The Czech typographer Vojtěch Preissig was commissioned to design a typeface for the 1925 Czechoslovakian pavilion of the International Exhibition of Decorative Arts in Paris. The legend says, that the resulting “Preissig Antikva” font, which was to express the identity of a newly forged state, was cut in wood with a pocketknife – hence its irregular and angular aspect.
The Art & Craft logic of the font is reenacted: using its digital version as a model, the font is manually recarved in wooden blocks. “The quick brown fox jumps over the lazy dog”, the most frequently used pangram (a sentence containing all the letters of the alphabet and therefore used by typographers to display their fonts) becomes the backbone of a hoaxlike narration.
A fictitious workshop gathering artists, writers, mediums and politicians is imagined. During one week in June 1924, in a cubist villa located in Prague, games are played, spirit sessions held and collective works produced. The aim is to determine the identity of the new Czechoslovakian state. All the artefacts supposedly produced during this workshop point out in one direction: the mysterious pattern of a fox jumping over a dog…
Of course, any resemblance with clichés related to Czech identity (surrealism, magic, humour, etc.) is purely coincidental.
An “exquisite corpse” attributed to the first president of Czechoslovakia, Tomáš Masaryk, to the Czech typographer Vojtěch Pressig and to the Czech Surrealist František Muzika, in all likelihood executed at the Kovarovic villa in Prague in June 1924.
Photograph of the sediments deposited at the bottom of a beer bottle forming a dog-and-fox pattern, taken by the Slovakian artist and “beeromancer” Jaromír Funke in June 1924.
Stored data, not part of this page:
(* Let $X_0,X_1,\dots,X_q$ be sets with $X_q=A$, let $\mathcal H_i$ be a family of maps $X_{i-1}\to X_i$ ($1\le i\le q$), let $l\colon Y\times A\to[0,M]$, and set $\mathcal H=\mathcal H_q\circ\dots\circ\mathcal H_1$ and $\mathcal G_i=\mathcal H_q\circ\dots\circ\mathcal H_{i+1}$ for $1\le i\le q-1$. For all $\varepsilon_1,\dots,\varepsilon_q>0$, with $\varepsilon=\sum_{i=1}^q\varepsilon_i$, $$\mathcal C(\varepsilon,l_{\mathcal H})\le\mathcal C(\varepsilon_q,l_{\mathcal H_q})\prod_{i=1}^{q-1}\mathcal C_{l_{\mathcal G_i}}(\varepsilon_i,\mathcal H_i).$$
   Context: For a map $h\colon W\to A$, $l_h\colon W\times Y\to[0,M]$ is $l_h(w,y)=l(y,h(w))$, and $l_{\mathcal K}=\{l_k:k\in\mathcal K\}$; so $l_{\mathcal H}$ consists of functions on $X_0\times Y$ and $l_{\mathcal H_q}$ of functions on $X_{q-1}\times Y$. For a class $\mathcal K$ of functions from a set $W$ into $[0,M]$: $\sigma_{\mathcal K}$ the $\sigma$-algebra generated by inverse images of open balls, $\mathcal P_{\mathcal K}$ the probability measures on it, $d_P(k,k')=\int|k-k'|dP$, $\mathcal N(\varepsilon,S,\rho)$ minimal size of an $\varepsilon$-cover, $\mathcal C(\varepsilon,\mathcal K)=\sup_{P\in\mathcal P_{\mathcal K}}\mathcal N(\varepsilon,\mathcal K,d_P)$ ($\infty$ if unbounded). For a structure $U\xrightarrow{\mathcal F}V\xrightarrow{\mathcal G}A$ and $P\in\mathcal P_{l_{\mathcal G\circ\mathcal F}}$ (measures on $U\times Y$), $d_{[P,l_{\mathcal G}]}(f,f')=\sup_{g\in\mathcal G}\int|l_{g\circ f}-l_{g\circ f'}|\,dP$ and $\mathcal C_{l_{\mathcal G}}(\varepsilon,\mathcal F)=\sup_{P\in\mathcal P_{l_{\mathcal G\circ\mathcal F}}}\mathcal N(\varepsilon,\mathcal F,d_{[P,l_{\mathcal G}]})$; here applied with $U=X_{i-1}$, $V=X_i$, $\mathcal F=\mathcal H_i$, $\mathcal G=\mathcal G_i$. *)

theory Defs
  imports "HOL-Probability.Probability"
begin

text \<open>All sets X_0, ..., X_q are carried by one ambient type 'x (carrier sets X i);
  maps are total functions 'x => 'x required to send X (i-1) into X i.\<close>

fun comps :: "(nat \<Rightarrow> ('x \<Rightarrow> 'x) set) \<Rightarrow> nat \<Rightarrow> nat \<Rightarrow> ('x \<Rightarrow> 'x) set" where
  "comps H i 0 = {id}"
| "comps H i (Suc j) = (if j < i then {id}
      else {h \<circ> g | h g. h \<in> H (Suc j) \<and> g \<in> comps H i j})"

definition lossf :: "('y \<Rightarrow> 'a \<Rightarrow> real) \<Rightarrow> ('w \<Rightarrow> 'a) \<Rightarrow> ('w \<times> 'y \<Rightarrow> real)" where
  "lossf l h = (\<lambda>(w, y). l y (h w))"

definition lossc :: "('y \<Rightarrow> 'a \<Rightarrow> real) \<Rightarrow> ('w \<Rightarrow> 'a) set \<Rightarrow> ('w \<times> 'y \<Rightarrow> real) set" where
  "lossc l K = lossf l ` K"

definition gen_sets :: "'u set \<Rightarrow> ('u \<Rightarrow> real) set \<Rightarrow> 'u set set" where
  "gen_sets \<Omega> K = {k -` ball c r \<inter> \<Omega> | k c r. k \<in> K}"

definition probs :: "'u set \<Rightarrow> ('u \<Rightarrow> real) set \<Rightarrow> 'u measure set" where
  "probs \<Omega> K = {P. prob_space P \<and> space P = \<Omega> \<and> sets P = sigma_sets \<Omega> (gen_sets \<Omega> K)}"

definition L1dist :: "'u measure \<Rightarrow> ('u \<Rightarrow> real) \<Rightarrow> ('u \<Rightarrow> real) \<Rightarrow> ennreal" where
  "L1dist P k k' = ennreal (LINT z|P. \<bar>k z - k' z\<bar>)"

text \<open>Minimal size of an (internal) eps-cover; infinity if no finite cover exists.\<close>
definition covnum :: "real \<Rightarrow> 'b set \<Rightarrow> ('b \<Rightarrow> 'b \<Rightarrow> ennreal) \<Rightarrow> enat" where
  "covnum \<epsilon> S \<rho> = Inf {enat (card T) | T. finite T \<and> T \<subseteq> S \<and> (\<forall>s\<in>S. \<exists>t\<in>T. \<rho> s t \<le> ennreal \<epsilon>)}"

definition Cnum :: "'u set \<Rightarrow> real \<Rightarrow> ('u \<Rightarrow> real) set \<Rightarrow> enat" where
  "Cnum \<Omega> \<epsilon> K = (SUP P\<in>probs \<Omega> K. covnum \<epsilon> K (L1dist P))"

definition dist_comp :: "('y \<Rightarrow> 'a \<Rightarrow> real) \<Rightarrow> ('v \<Rightarrow> 'a) set \<Rightarrow> ('u \<times> 'y) measure
    \<Rightarrow> ('u \<Rightarrow> 'v) \<Rightarrow> ('u \<Rightarrow> 'v) \<Rightarrow> ennreal" where
  "dist_comp l G P f f' = (SUP g\<in>G. L1dist P (lossf l (g \<circ> f)) (lossf l (g \<circ> f')))"

definition Cnum_comp :: "('u \<times> 'y) set \<Rightarrow> ('y \<Rightarrow> 'a \<Rightarrow> real) \<Rightarrow> ('v \<Rightarrow> 'a) set
    \<Rightarrow> real \<Rightarrow> ('u \<Rightarrow> 'v) set \<Rightarrow> enat" where
  "Cnum_comp \<Omega> l G \<epsilon> F =
     (SUP P\<in>probs \<Omega> (lossc l {g \<circ> f | g f. g \<in> G \<and> f \<in> F}). covnum \<epsilon> F (dist_comp l G P))"

end

theory Submission
  imports Defs
begin

(* Peel off one layer at a time. For P on X_(i-1) x Y and an eps_i-cover {f_j} of H_i in
   d_[P,l_G], push P forward along (x, y) |-> (f_j x, y) to a measure P_j in P_(l_G) and
   choose an eps'-cover T_j of l_G in d_(P_j), where eps' = eps_(i+1) + ... + eps_q.
   By the triangle inequality
     d_P(l_(g o h), t o (f_j x id)) <= d_[P,l_G](h, f_j) + d_(P_j)(l_g, t),
   so the functions t o (f_j x id) with t in T_j form an (eps_i + eps')-cover of
   l_(G o H_i) with at most C_(l_G)(eps_i, H_i) * C(eps', l_G) elements. Induction over i
   gives the product. *)

section \<open>Iterated compositions\<close>

lemma comps_refl: "comps H s s = {id}"
  by (cases s) auto

lemma comps_lower_Suc:
  "s < q \<Longrightarrow> comps H s q = {g \<circ> f | g f. g \<in> comps H (Suc s) q \<and> f \<in> H (Suc s)}"
proof (induction q)
  case (Suc j)
  show ?case
  proof (cases "j = s")
    case True
    then show ?thesis by (auto simp: comps_refl)
  next
    case False
    with Suc have "s < j" by simp
    then have "comps H s (Suc j) = {h \<circ> (g \<circ> f) | h g f. h \<in> H (Suc j) \<and> g \<in> comps H (Suc s) j \<and> f \<in> H (Suc s)}"
      by (simp only: comps.simps Suc.IH if_not_P not_less) blast
    also have "\<dots> = {g \<circ> f | g f. g \<in> comps H (Suc s) (Suc j) \<and> f \<in> H (Suc s)}"
      using \<open>s < j\<close> by (auto; metis comp_assoc)
    finally show ?thesis .
  qed
qed simp

lemma comps_maps_into:
  assumes maps: "\<forall>i\<in>{1..q}. \<forall>h\<in>H i. \<forall>x\<in>X (i - 1). h x \<in> X i"
  shows "s \<le> n \<Longrightarrow> n \<le> q \<Longrightarrow> g \<in> comps H s n \<Longrightarrow> x \<in> X s \<Longrightarrow> g x \<in> X n"
proof (induction n arbitrary: g)
  case (Suc j)
  show ?case
  proof (cases "j < s")
    case True
    with Suc.prems(1) have "s = Suc j" by simp
    with Suc.prems show ?thesis by (simp add: comps_refl)
  next
    case False
    with Suc.prems obtain h g' where "g = h \<circ> g'" "h \<in> H (Suc j)" "g' \<in> comps H s j" by auto
    with Suc False maps show ?thesis by fastforce
  qed
qed simp

section \<open>Covering numbers\<close>

lemma covnum_le_card:
  assumes "finite T" "T \<subseteq> S" "\<forall>s\<in>S. \<exists>t\<in>T. \<rho> s t \<le> ennreal \<epsilon>"
  shows "covnum \<epsilon> S \<rho> \<le> enat (card T)"
  unfolding covnum_def by (rule Inf_lower) (use assms in blast)

lemma covnum_le_enatE:
  assumes "covnum \<epsilon> S \<rho> \<le> enat n"
  obtains T where "finite T" "T \<subseteq> S" "card T \<le> n" "\<forall>s\<in>S. \<exists>t\<in>T. \<rho> s t \<le> ennreal \<epsilon>"
proof -
  let ?C = "{enat (card T) | T. finite T \<and> T \<subseteq> S \<and> (\<forall>s\<in>S. \<exists>t\<in>T. \<rho> s t \<le> ennreal \<epsilon>)}"
  have "?C \<noteq> {}"
  proof
    assume "?C = {}"
    with assms show False unfolding covnum_def by (simp add: top_enat_def)
  qed
  then obtain c where "c \<in> ?C" by blast
  then have "covnum \<epsilon> S \<rho> \<in> ?C"
    unfolding covnum_def by (rule wellorder_InfI)
  with assms that show ?thesis by auto
qed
Most probably the original version of the font “Preissig Antikva”, carved by Vojtěch Preissig for the Czechoslovakian Pavilion of the 1925 International Exposition of Modern Industrial and Decorative Arts in Paris, displayed with the pangram “The quick brown fox jumps over the lazy dog”, as it was picked at random by Preissig during a spirit session of June 1924.
A recurring fragment from Ovid’s Metamorphoses relating the confrontation between the Teumessian Fox and the Dog Laelaps, typed in a trance by the Czech artist Karel Teige, during a working session of June 1924.
Modified works of Czech Surrealist artists, displayed with specifically Czechoslovakian accents, as designed by Vojtěch Preissig for his “Preissig Antikva” font.